[Items from a data source]
(* (1) $M=\bigoplus_{d\in \mathbb{N}} G_d$, where $G_d$ is the set of permutations of $\mathcal{X}_d$ which commute with $\mathrm{Gal}(\mathbb{F}_{q^d}:\mathbb{F}_q)$. (2) $G_d\cong \mathbb{Z}/d\mathbb{Z} \wr \mathrm{Perm}(r_d)$, where $r_d$ is the number of orbits of size $d$ (i.e. $r_d=d^{-1}\#\mathcal{X}_d$). (3) Equivalently, $G_d\cong (\mathbb{Z}/d\mathbb{Z})^{r_d}\rtimes_h \mathrm{Perm}(r_d)$, where $h:\mathrm{Perm}(r_d)\to \mathrm{Aut}((\mathbb{Z}/d\mathbb{Z})^{r_d})$ is given by $h(\sigma)(a_1,\dots,a_{r_d})=(a_{(1)^\sigma},\dots,a_{(r_d)^\sigma})$.
   Context: $M$ denotes the set of permutations of $\overline{\mathbb{F}}_q^n$ induced by profinite polynomial endomorphisms over $\mathbb{F}_q$; equivalently, $M$ is the set of permutations of $\overline{\mathbb{F}}_q^n$ commuting with the coordinatewise action of $\mathrm{Gal}(\overline{\mathbb{F}}_q:\mathbb{F}_q)$. $\mathcal{X}_d$ is the union of all orbits of size $d$ of $\mathrm{Gal}(\overline{\mathbb{F}}_q:\mathbb{F}_q)$ acting on $\overline{\mathbb{F}}_q^n$. Permutations act on the right: $(x)^{\sigma\rho}=((x)^\sigma)^\rho$. *)

theory Defs
  imports "HOL-Algebra.Algebraic_Closure_Type" "HOL-Algebra.Product_Groups"
    "HOL-Algebra.Elementary_Groups" "HOL-Algebra.Bij"
begin

text \<open>Setting: F_q is a finite field type 'q (q = CARD('q)); its algebraic
closure is the library type 'q alg_closure, with F_q embedded via to_ac.
Points of the affine n-space are maps 'n => 'q alg_closure, 'n a finite
index type with n = CARD('n).\<close>

definition Gal :: "('q::{finite,field} alg_closure \<Rightarrow> 'q alg_closure) set" where
  "Gal = {\<sigma>. bij \<sigma> \<and> (\<forall>x y. \<sigma> (x + y) = \<sigma> x + \<sigma> y)
              \<and> (\<forall>x y. \<sigma> (x * y) = \<sigma> x * \<sigma> y)
              \<and> (\<forall>a. \<sigma> (to_ac a) = to_ac a)}"

definition gal_orbit :: "('n \<Rightarrow> 'q::{finite,field} alg_closure) \<Rightarrow> ('n \<Rightarrow> 'q alg_closure) set" where
  "gal_orbit x = (\<lambda>\<sigma>. \<sigma> \<circ> x) ` Gal"

definition Xset :: "nat \<Rightarrow> ('n::finite \<Rightarrow> 'q::{finite,field} alg_closure) set" where
  "Xset d = {x. finite (gal_orbit x) \<and> card (gal_orbit x) = d}"

definition r_num :: "('n::finite \<Rightarrow> 'q::{finite,field} alg_closure) itself \<Rightarrow> nat \<Rightarrow> nat" where
  "r_num T d = card (Xset d :: ('n \<Rightarrow> 'q alg_closure) set) div d"

text \<open>Permutation group of a set S, permutations acting on the right:
  the product f g means first f, then g.\<close>
definition RPerm :: "'a set \<Rightarrow> ('a \<Rightarrow> 'a) monoid" where
  "RPerm S = \<lparr>carrier = Bij S, monoid.mult = (\<lambda>f g. compose S g f), one = (\<lambda>x\<in>S. x)\<rparr>"

definition M_group :: "(('n::finite \<Rightarrow> 'q::{finite,field} alg_closure) \<Rightarrow> ('n \<Rightarrow> 'q alg_closure)) monoid" where
  "M_group = \<lparr>carrier = {\<pi>. bij \<pi> \<and> (\<forall>\<sigma>\<in>Gal. \<forall>x. \<pi> (\<sigma> \<circ> x) = \<sigma> \<circ> \<pi> x)},
              monoid.mult = (\<lambda>f g. g \<circ> f), one = id\<rparr>"

definition G_group :: "nat \<Rightarrow> (('n::finite \<Rightarrow> 'q::{finite,field} alg_closure) \<Rightarrow> ('n \<Rightarrow> 'q alg_closure)) monoid" where
  "G_group d = (RPerm (Xset d))\<lparr>carrier :=
      {\<pi> \<in> Bij (Xset d). \<forall>\<sigma>\<in>Gal. \<forall>x\<in>Xset d. \<pi> (\<sigma> \<circ> x) = \<sigma> \<circ> \<pi> x}\<rparr>"

definition semidirect_product ::
  "('a, 'x) monoid_scheme \<Rightarrow> ('b, 'y) monoid_scheme \<Rightarrow> ('b \<Rightarrow> 'a \<Rightarrow> 'a) \<Rightarrow> ('a \<times> 'b) monoid" where
  "semidirect_product N H \<phi> =
     \<lparr>carrier = carrier N \<times> carrier H,
      monoid.mult = (\<lambda>p q. (fst p \<otimes>\<^bsub>N\<^esub> \<phi> (snd p) (fst q), snd p \<otimes>\<^bsub>H\<^esub> snd q)),
      one = (\<one>\<^bsub>N\<^esub>, \<one>\<^bsub>H\<^esub>)\<rparr>"

definition cyc_power :: "nat \<Rightarrow> nat \<Rightarrow> (nat \<Rightarrow> int) monoid" where
  "cyc_power d r = product_group {1..r} (\<lambda>_. integer_mod_group d)"

definition coord_perm_action :: "nat \<Rightarrow> nat \<Rightarrow> (nat \<Rightarrow> nat) \<Rightarrow> (nat \<Rightarrow> int) \<Rightarrow> (nat \<Rightarrow> int)" where
  "coord_perm_action d r \<sigma> = (\<lambda>a\<in>carrier (cyc_power d r). \<lambda>i\<in>{1..r}. a (\<sigma> i))"

definition wreath_cyc :: "nat \<Rightarrow> nat \<Rightarrow> ((nat \<Rightarrow> int) \<times> (nat \<Rightarrow> nat)) monoid" where
  "wreath_cyc d r = semidirect_product (cyc_power d r) (RPerm {1..r}) (coord_perm_action d r)"

end

theory Submission
  imports Defs "HOL-Library.Cardinality"
begin

text \<open>
  Every automorphism of the algebraic closure over F_q agrees, on each finite subfield
  F_(q^m), with a power of the Frobenius y \<mapsto> y^q. Hence the Galois orbit of a point x is
  its Frobenius orbit, whose size is the least m with x^(q^m) = x coordinatewise.
  A Galois-equivariant permutation preserves orbit sizes, so M is the product of its
  restrictions to the sets X_d, and G_d is the centraliser of the Frobenius acting on X_d,
  a permutation with r_d cycles of length d. Fixing a base point on each cycle, an element
  of this centraliser is determined by the cycle \<tau>(i) to which it sends the i-th base point
  and the shift a_i mod d along that cycle; this is the isomorphism with
  the semidirect product of (Z/dZ)^(r_d) and Perm(r_d).
\<close>

section \<open>Finite fields and polynomials\<close>

lemma prime_CHAR_finite_field: "prime CHAR('a::{finite,field})"
  by (simp add: finite_imp_CHAR_pos prime_CHAR_semidom)

lemma CHAR_finite_field_gt_1: "CHAR('a::{finite,field}) > 1"
  using prime_gt_1_nat[OF prime_CHAR_finite_field] .

lemma of_nat_mod_CHAR: "(of_nat (n mod CHAR('a)) :: 'a::semiring_1) = of_nat n"
proof -
  have "(of_nat n :: 'a) = of_nat (n div CHAR('a) * CHAR('a) + n mod CHAR('a))" by simp
  thus ?thesis by (simp only: of_nat_add of_nat_mult of_nat_CHAR) simp
qed

lemma of_nat_mult_mem:
  fixes S :: "'a::comm_ring_1 set"
  assumes "0 \<in> S" "\<And>x y. x \<in> S \<Longrightarrow> y \<in> S \<Longrightarrow> x + y \<in> S" "v \<in> S"
  shows "of_nat n * v \<in> S"
  by (induction n) (auto simp: algebra_simps assms)

lemma power_card_finite_field: "(a::'a::{finite,field}) ^ CARD('a) = a"
proof (cases "a = 0")
  case False
  have "a * (\<Prod>y\<in>UNIV-{0}. a * y) = a * a ^ (CARD('a) - 1) * \<Prod>(UNIV-{0})"
    by (simp add: prod.distrib mult_ac)
  also have "a * a ^ (CARD('a) - 1) = a ^ CARD('a)"
    using finite_UNIV_card_ge_0[where ?'a = 'a] by (simp flip: power_Suc)
  also have "(\<Prod>y\<in>UNIV-{0}. a * y) = (\<Prod>y\<in>UNIV-{0}. y)"
    by (rule prod.reindex_bij_witness[of _ "\<lambda>y. y / a" "\<lambda>y. a * y"]) (use False in auto)
  finally show ?thesis
    by simp
qed (use finite_UNIV_card_ge_0[where ?'a = 'a] in auto)

lemma power_card_minus_2_mult:
  assumes "(a::'a::{finite,field}) \<noteq> 0"
  shows "a ^ (CARD('a) - 2) * a = 1"
proof -
  have "card {0, 1::'a} \<le> CARD('a)"
    by (rule card_mono) auto
  hence "CARD('a) = Suc (Suc (CARD('a) - 2))"
    by simp
  hence "a * (a ^ (CARD('a) - 2) * a) = a * 1"
    by (metis power_card_finite_field power_Suc power_Suc2 mult.assoc mult_1_right)
  thus ?thesis
    using assms by (metis mult_left_cancel)
qed

text \<open>Equal sums s + c v = s' + c' v with c \<noteq> c' would put (c - c') v into S; but c - c' is a
  nonzero element of the prime field, whose inverse (c - c')^(q-2) again lies in the prime field.\<close>
lemma inj_on_additive_extension:
  fixes S :: "'a::{finite,field} set"
  assumes S0: "0 \<in> S" and Sadd: "\<And>x y. x \<in> S \<Longrightarrow> y \<in> S \<Longrightarrow> x + y \<in> S" and v: "v \<notin> S"
  shows "inj_on (\<lambda>(s, c). s + of_nat c * v) (S \<times> {..<CHAR('a)})"
proof (rule inj_onI, clarsimp)
  let ?p = "CHAR('a)"
  have nat_mult: "of_nat n * s \<in> S" if "s \<in> S" for n s
    using of_nat_mult_mem[OF S0 Sadd that] .
  have neg: "- s \<in> S" if "s \<in> S" for s
  proof -
    have "of_nat (?p - 1) * s + s = of_nat ?p * s"
      using CHAR_finite_field_gt_1[where 'a='a] by (simp add: distrib_right of_nat_diff)
    hence "of_nat (?p - 1) * s = - s"
      by (simp add: eq_neg_iff_add_eq_0)
    thus ?thesis
      using nat_mult[OF that] by metis
  qed
  fix s c s' c' assume s: "s \<in> S" "s' \<in> S" and c: "c < ?p" "c' < ?p"
    and e: "s + of_nat c * v = s' + of_nat c' * v"
  show "s = s' \<and> c = c'"
  proof (cases "c = c'")
    case True
    thus ?thesis using e by simp
  next
    case False
    define n where "n = c + ?p - c'"
    have n: "(of_nat n :: 'a) = of_nat c - of_nat c'"
      using c unfolding n_def by (simp add: of_nat_diff)
    have "\<not> ?p dvd n"
    proof
      assume "?p dvd n"
      then obtain k where k: "n = ?p * k" by blast
      have "0 < n" "n < ?p * 2" "n \<noteq> ?p"
        using c False unfolding n_def by auto
      hence "k \<noteq> 0" "k < 2" "k \<noteq> 1"
        unfolding k by auto
      thus False by simp
    qed
    hence "(of_nat n :: 'a) \<noteq> 0"
      by (simp add: of_nat_eq_0_iff_char_dvd)
    hence inv: "of_nat (n ^ (CARD('a) - 2)) * of_nat n = (1 :: 'a)"
      using power_card_minus_2_mult by simp
    have "of_nat n * v = s' - s"
      using e unfolding n by (simp add: algebra_simps)
    hence "v = of_nat (n ^ (CARD('a) - 2)) * (s' - s)"
      using inv by (metis mult.assoc mult_1)
    moreover have "s' - s \<in> S"
      using Sadd[OF s(2) neg[OF s(1)]] by simp
    ultimately show ?thesis
      using v nat_mult by metis
  qed
qed

lemma card_additive_extension:
  fixes S :: "'a::{finite,field} set"
  assumes S0: "0 \<in> S" and Sadd: "\<And>x y. x \<in> S \<Longrightarrow> y \<in> S \<Longrightarrow> x + y \<in> S" and v: "v \<notin> S"
  defines "S' \<equiv> (\<lambda>(s, c). s + of_nat c * v) ` (S \<times> {..<CHAR('a)})"
  shows "card S' = card S * CHAR('a)" "0 \<in> S'" "\<And>x y. x \<in> S' \<Longrightarrow> y \<in> S' \<Longrightarrow> x + y \<in> S'"
    "S \<subset> S'"
proof -
  let ?p = "CHAR('a)"
  have p1: "?p > 1"
    by (rule CHAR_finite_field_gt_1)
  show "card S' = card S * ?p"
    unfolding S'_def using card_image[OF inj_on_additive_extension[OF S0 Sadd v]]
    by (simp add: card_cartesian_product)
  show "0 \<in> S'"
    unfolding S'_def using S0 p1 by (force intro!: image_eqI[of _ _ "(0, 0)"])
  show "S \<subset> S'"
  proof
    show "S \<subseteq> S'"
      unfolding S'_def using p1 by (force intro: image_eqI[of _ _ "(_, 0)"])
    have "v \<in> S'"
      unfolding S'_def using p1 S0 by (force intro!: image_eqI[of _ _ "(0, 1)"])
    thus "S \<noteq> S'" using v by blast
  qed
  fix x y assume "x \<in> S'" "y \<in> S'"
  then obtain s1 c1 s2 c2 where a: "s1 \<in> S" "s2 \<in> S" "x = s1 + of_nat c1 * v" "y = s2 + of_nat c2 * v"
    unfolding S'_def by auto
  have "x + y = (s1 + s2) + of_nat ((c1 + c2) mod ?p) * v"
    using a by (simp add: algebra_simps of_nat_mod_CHAR)
  thus "x + y \<in> S'"
    unfolding S'_def using a p1 Sadd by (force intro!: image_eqI[of _ _ "(s1 + s2, (c1 + c2) mod ?p)"])
qed

lemma card_additive_subgroup_prime_power:
  fixes S :: "'a::{finite,field} set"
  assumes "0 \<in> S" "\<And>x y. x \<in> S \<Longrightarrow> y \<in> S \<Longrightarrow> x + y \<in> S" "card S = CHAR('a) ^ f"
  shows "\<exists>e. CARD('a) = CHAR('a) ^ e"
  using assms
proof (induction "card (UNIV - S)" arbitrary: S f rule: less_induct)
  case less
  show ?case
  proof (cases "S = UNIV")
    case True
    thus ?thesis using less by metis
  next
    case False
    then obtain v where v: "v \<notin> S" by blast
    define S' where "S' \<equiv> (\<lambda>(s, c). s + of_nat c * v) ` (S \<times> {..<CHAR('a)})"
    note S' = card_additive_extension[OF less(2,3) v, folded S'_def]
    have "card (UNIV - S') < card (UNIV - S)"
      using S'(4) by (intro psubset_card_mono) auto
    thus ?thesis
      using less(1)[OF _ S'(2,3), of "Suc f"] S'(1) less(4) by (simp add: mult.commute)
  qed
qed

lemma card_finite_field_prime_power: "\<exists>e. CARD('a::{finite,field}) = CHAR('a) ^ e"
  by (rule card_additive_subgroup_prime_power[of "{0}" 0]) auto

lemma ring_of_type_algebra_simps [simp]:
  "carrier (ring_of_type_algebra :: 'a::ring_1 ring) = UNIV"
  "monoid.mult (ring_of_type_algebra :: 'a ring) = (*)"
  "one (ring_of_type_algebra :: 'a ring) = 1"
  "zero (ring_of_type_algebra :: 'a ring) = 0"
  "add (ring_of_type_algebra :: 'a ring) = (+)"
  by (simp_all add: ring_of_type_algebra_def)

[Directions for this task] The answer to this exercise is one number: how many lines of the records above contain the string "circ".

[Written answer] 4